## DATASET EXCERPTS
————

(* Let S_n = g_0 + ... + g_n = (-1)^n binom(beta - 1, n), so that
   S_(n+1) = S_n (n + 1 - beta)/(n + 1) and S_n < 0 for n >= 1. Because r is even, the sum of r
   over an integer interval [-a, c] is the mean of its symmetric sums over [-a, a] and [-c, c].
   For n >= 1 the symmetric sum over [-n, n] telescopes to Psi S_n (2 - beta^2/(n + 1)), a product
   of two negative factors and a positive one; for n = 0 it is r_0 > 0. For the rate, Bernoulli's
   inequality makes -S_n (n + 1 - beta)^beta increasing in n, so for n >= 3 it is at least its
   value at n = 3; the cases n = 1, 2 are checked directly, and exp(-9/4) <= 1/8 absorbs the
   constant. *)

lemma sum_int_symmetric_Suc:
  "(\<Sum>k = - int (Suc n)..int (Suc n). f k)
     = (\<Sum>k = - int n..int n. f k) + f (int (Suc n)) + f (- int (Suc n))"
proof -
  have "{- int (Suc n)..int (Suc n)}
          = insert (- int (Suc n)) (insert (int (Suc n)) {- int n..int n})"
    by auto
  then show ?thesis by (simp add: algebra_simps)
qed

lemma sum_even_int_interval:
  fixes f :: "int \<Rightarrow> 'a::comm_ring_1"
  assumes even: "\<And>k. f (- k) = f k"
  shows "2 * (\<Sum>k = - int a..int c. f k)
           = (\<Sum>k = - int a..int a. f k) + (\<Sum>k = - int c..int c. f k)"
proof -
  have left: "2 * (\<Sum>k = - int a..0. f k) = (\<Sum>k = - int a..int a. f k) + f 0" for a
  proof (induction a)
    case (Suc a)
    have "{- int (Suc a)..0} = insert (- int (Suc a)) {- int a..0}"
      by auto
    then show ?case
      using Suc even[of "int (Suc a)"] unfolding sum_int_symmetric_Suc by (simp add: algebra_simps)
  qed simp
  show ?thesis
  proof (induction c)
    case 0
    show ?case using left[of a] by simp
  next
    case (Suc c)
    have "{- int a..int (Suc c)} = insert (int (Suc c)) {- int a..int c}"
      by auto
    then show ?case
      using Suc even[of "int (Suc c)"] unfolding sum_int_symmetric_Suc by (simp add: algebra_simps)
  qed
qed

lemma bernoulli_inequality_powr:
  fixes t b :: real
  assumes "t > -1" "b \<ge> 1"
  shows "1 + b * t \<le> (1 + t) powr b"
proof -
  have ln_ge: "t / (1 + t) \<le> ln (1 + t)"
    using ln_le_minus_one[of "1 / (1 + t)"] assms by (simp add: ln_div field_simps)
  have "1 + (b - 1) * (t / (1 + t)) \<le> 1 + (b - 1) * ln (1 + t)"
    using mult_left_mono[OF ln_ge, of "b - 1"] assms by simp
  also have "\<dots> \<le> exp ((b - 1) * ln (1 + t))" by simp
  also have "\<dots> = (1 + t) powr (b - 1)" using assms by (simp add: powr_def)
  finally have "(1 + t) * (1 + (b - 1) * (t / (1 + t))) \<le> (1 + t) * (1 + t) powr (b - 1)"
    using assms by (intro mult_left_mono) auto
  also have "\<dots> = (1 + t) powr b"
    using powr_add[of "1 + t" 1 "b - 1"] assms by simp
  also have "(1 + t) * (1 + (b - 1) * (t / (1 + t))) = 1 + b * t"
    using assms by (simp add: field_simps)
  finally show ?thesis .
qed

definition gsum :: "real \<Rightarrow> nat \<Rightarrow> real" where
  "gsum b n = (\<Sum>k\<le>n. gcoef b k)"

lemma gsum_eq_gchoose: "gsum b n = (-1) ^ n * ((b - 1) gchoose n)"
  using gbinomial_sum_lower_neg[of b n] by (simp add: gsum_def gcoef_def mult.commute)

lemma gcoef_0 [simp]: "gcoef b 0 = 1"
  by (simp add: gcoef_def)

lemma gcoef_Suc_eq_gsum_diff: "gcoef b (Suc n) = gsum b (Suc n) - gsum b n"
  by (simp add: gsum_def)

lemma gsum_Suc: "gsum b (Suc n) = gsum b n * (real n + 1 - b) / (real n + 1)"
proof -
  have "real (Suc n) * ((b - 1) gchoose Suc n) = (b - 1 - real n) * ((b - 1) gchoose n)"
    using gbinomial_mult_1[of "b - 1" n] by (simp add: algebra_simps)
  then have "((b - 1) gchoose Suc n) = - ((b - 1) gchoose n) * (real n + 1 - b) / (real n + 1)"
    by (simp add: field_simps)
  then show ?thesis by (simp add: gsum_eq_gchoose)
qed

lemma gsum_1: "gsum b 1 = 1 - b"
  using gsum_Suc[of b 0] by (simp add: gsum_def)

lemma gsum_2: "gsum b 2 = (1 - b) * (2 - b) / 2"
  using gsum_Suc[of b 1, unfolded Suc_1 gsum_1] by simp

lemma gsum_3: "gsum b 3 = (1 - b) * (2 - b) * (3 - b) / 6"
  using gsum_Suc[of b 2] by (simp add: gsum_2 numeral_3_eq_3 field_simps)

lemma gsum_neg:
  assumes "1 < b" "b < 2" "1 \<le> n"
  shows "gsum b n < 0"
  using assms(3)
proof (induction n rule: dec_induct)
  case base
  then show ?case using assms gsum_1[of b] by simp
next
  case (step n)
  then have "real n + 1 - b > 0" using assms by linarith
  with step.IH show ?case by (simp add: gsum_Suc divide_neg_pos mult_neg_pos)
qed

lemma Psi_neg:
  assumes "1 < b" "b < 3"
  shows "Psi b < 0"
proof -
  have "0 < cos (pi - pi * b / 2)"
    using assms by (intro cos_gt_zero_pi) (auto simp: field_simps)
  then show ?thesis by (simp add: Psi_def)
qed

definition rsum :: "real \<Rightarrow> nat \<Rightarrow> real" where
  "rsum b n = (\<Sum>k = - int n..int n. rcoef b k)"

lemma rsum_0: "rsum b 0 = Psi b * (1 - b) * (2 + b)"
  by (simp add: rsum_def rcoef_def rnat_def gcoef_def field_simps)

lemma rsum_Suc: "rsum b (Suc n) = rsum b n + 2 * rnat b (Suc n)"
  unfolding rsum_def sum_int_symmetric_Suc by (simp add: rcoef_def nat_add_distrib)

lemma rsum_eq_gsum:
  assumes "1 \<le> n"
  shows "rsum b n = Psi b * (b * gsum b (Suc n) + (2 - b) * gsum b n)"
  using assms
proof (induction n rule: dec_induct)
  case base
  have g: "gcoef b 1 = - b" "gcoef b 2 = b * (b - 1) / 2"
    by (simp_all add: gcoef_def gbinomial_Suc numeral_2_eq_2 field_simps)
  have "rsum b 1 = rnat b 0 + 2 * rnat b 1"
    using rsum_Suc[of b 0] by (simp add: rsum_def rcoef_def)
  also have "\<dots> = Psi b * (b * gsum b 2 + (2 - b) * gsum b 1)"
    unfolding rnat_def gsum_1 gsum_2 g by (simp add: field_simps)
  finally show ?case by (simp only: Suc_1)
next
  case (step n)
  then show ?case
    by (simp add: rsum_Suc rnat_def gcoef_Suc_eq_gsum_diff field_simps)
qed

lemma rsum_eq:
  assumes "1 \<le> n"
  shows "rsum b n = Psi b * gsum b n * (2 - b\<^sup>2 / (real n + 1))"
  using rsum_eq_gsum[OF assms] by (simp add: gsum_Suc field_simps power2_eq_square)

lemma rsum_pos:
  assumes "1 < b" "b < 2"
  shows "rsum b n > 0"
proof (cases "n = 0")
  case True
  then show ?thesis using Psi_neg[of b] assms by (simp add: rsum_0 mult_neg_neg mult_neg_pos)
next
  case False
  have "b\<^sup>2 < 2 * (real n + 1)"
    using False assms power_strict_mono[of b 2 2] by simp
  then have "2 - b\<^sup>2 / (real n + 1) > 0" by (simp add: field_simps)
  then show ?thesis using False Psi_neg[of b] gsum_neg[of b n] assms
    by (simp add: rsum_eq mult_neg_neg)
qed

lemma rcoef_minus [simp]: "rcoef b (- k) = rcoef b k"
  by (simp add: rcoef_def)

lemma sum_rcoef_pos:
  assumes "1 < b" "b < 2" "a \<le> 0" "0 \<le> c"
  shows "0 < (\<Sum>k = a..c. rcoef b k)"
proof -
  obtain p q :: nat where "a = - int p" "c = int q"
    using assms(3,4) by (intro that[of "nat (- a)" "nat c"]) auto
  then have "2 * (\<Sum>k = a..c. rcoef b k) = rsum b p + rsum b q"
    using sum_even_int_interval[of "rcoef b" p q] by (simp add: rsum_def)
  then show ?thesis
    using rsum_pos[OF assms(1,2), of p] rsum_pos[OF assms(1,2), of q] by linarith
qed

lemma neg_gsum_powr_mono:
  assumes "1 < b" "b < 2" "1 \<le> m" "m \<le> n"
  shows "- gsum b m * (real m + 1 - b) powr b \<le> - gsum b n * (real n + 1 - b) powr b"
  using assms(4)
proof (induction n rule: dec_induct)
  case (step n)
  define x where "x = real n + 1 - b"
  have x: "x > 0" using step assms unfolding x_def by linarith
  have "(x + 1) powr b = (x * (1 + 1 / x)) powr b"
    using x by (simp add: distrib_left)
  also have "\<dots> = x powr b * (1 + 1 / x) powr b"
    using x by (simp add: powr_mult)
  also have "\<dots> \<ge> x powr b * (1 + b * (1 / x))"
  proof -
    have "- 1 < 1 / x" using x by (simp add: less_trans[of _ 0])
    then show ?thesis
      using bernoulli_inequality_powr[of "1 / x" b] assms by (intro mult_left_mono) auto
  qed
  finally have bern: "x powr b * (1 + b / x) \<le> (x + 1) powr b" by simp
  have "(x + b) * x powr b = x * (x powr b * (1 + b / x))"
    using x by (simp add: field_simps)
  also have "\<dots> \<le> x * (x + 1) powr b"
    using bern x by (intro mult_left_mono) auto
  also have "x + b = real n + 1"
    by (simp add: x_def)
  finally have "x powr b \<le> x / (real n + 1) * (x + 1) powr b"
    by (simp add: field_simps)
  moreover have "- gsum b n > 0" using gsum_neg[of b n] assms step by simp
  ultimately have
    "- gsum b n * x powr b \<le> - gsum b n * (x / (real n + 1) * (x + 1) powr b)"
    by (intro mult_left_mono) auto
  also have "\<dots> = - gsum b (Suc n) * (real (Suc n) + 1 - b) powr b"
    by (simp add: gsum_Suc x_def field_simps)
  finally show ?case using step.IH unfolding x_def by linarith
qed simp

————

## EXERCISE
Up to and including the line with "over an integer", output each line of the entries above exactly, starting from the first.

## YOUR SOLUTION
(* Let S_n = g_0 + ... + g_n = (-1)^n binom(beta - 1, n), so that
   S_(n+1) = S_n (n + 1 - beta)/(n + 1) and S_n < 0 for n >= 1. Because r is even, the sum of r
   over an integer interval [-a, c] is the mean of its symmetric sums over [-a, a] and [-c, c].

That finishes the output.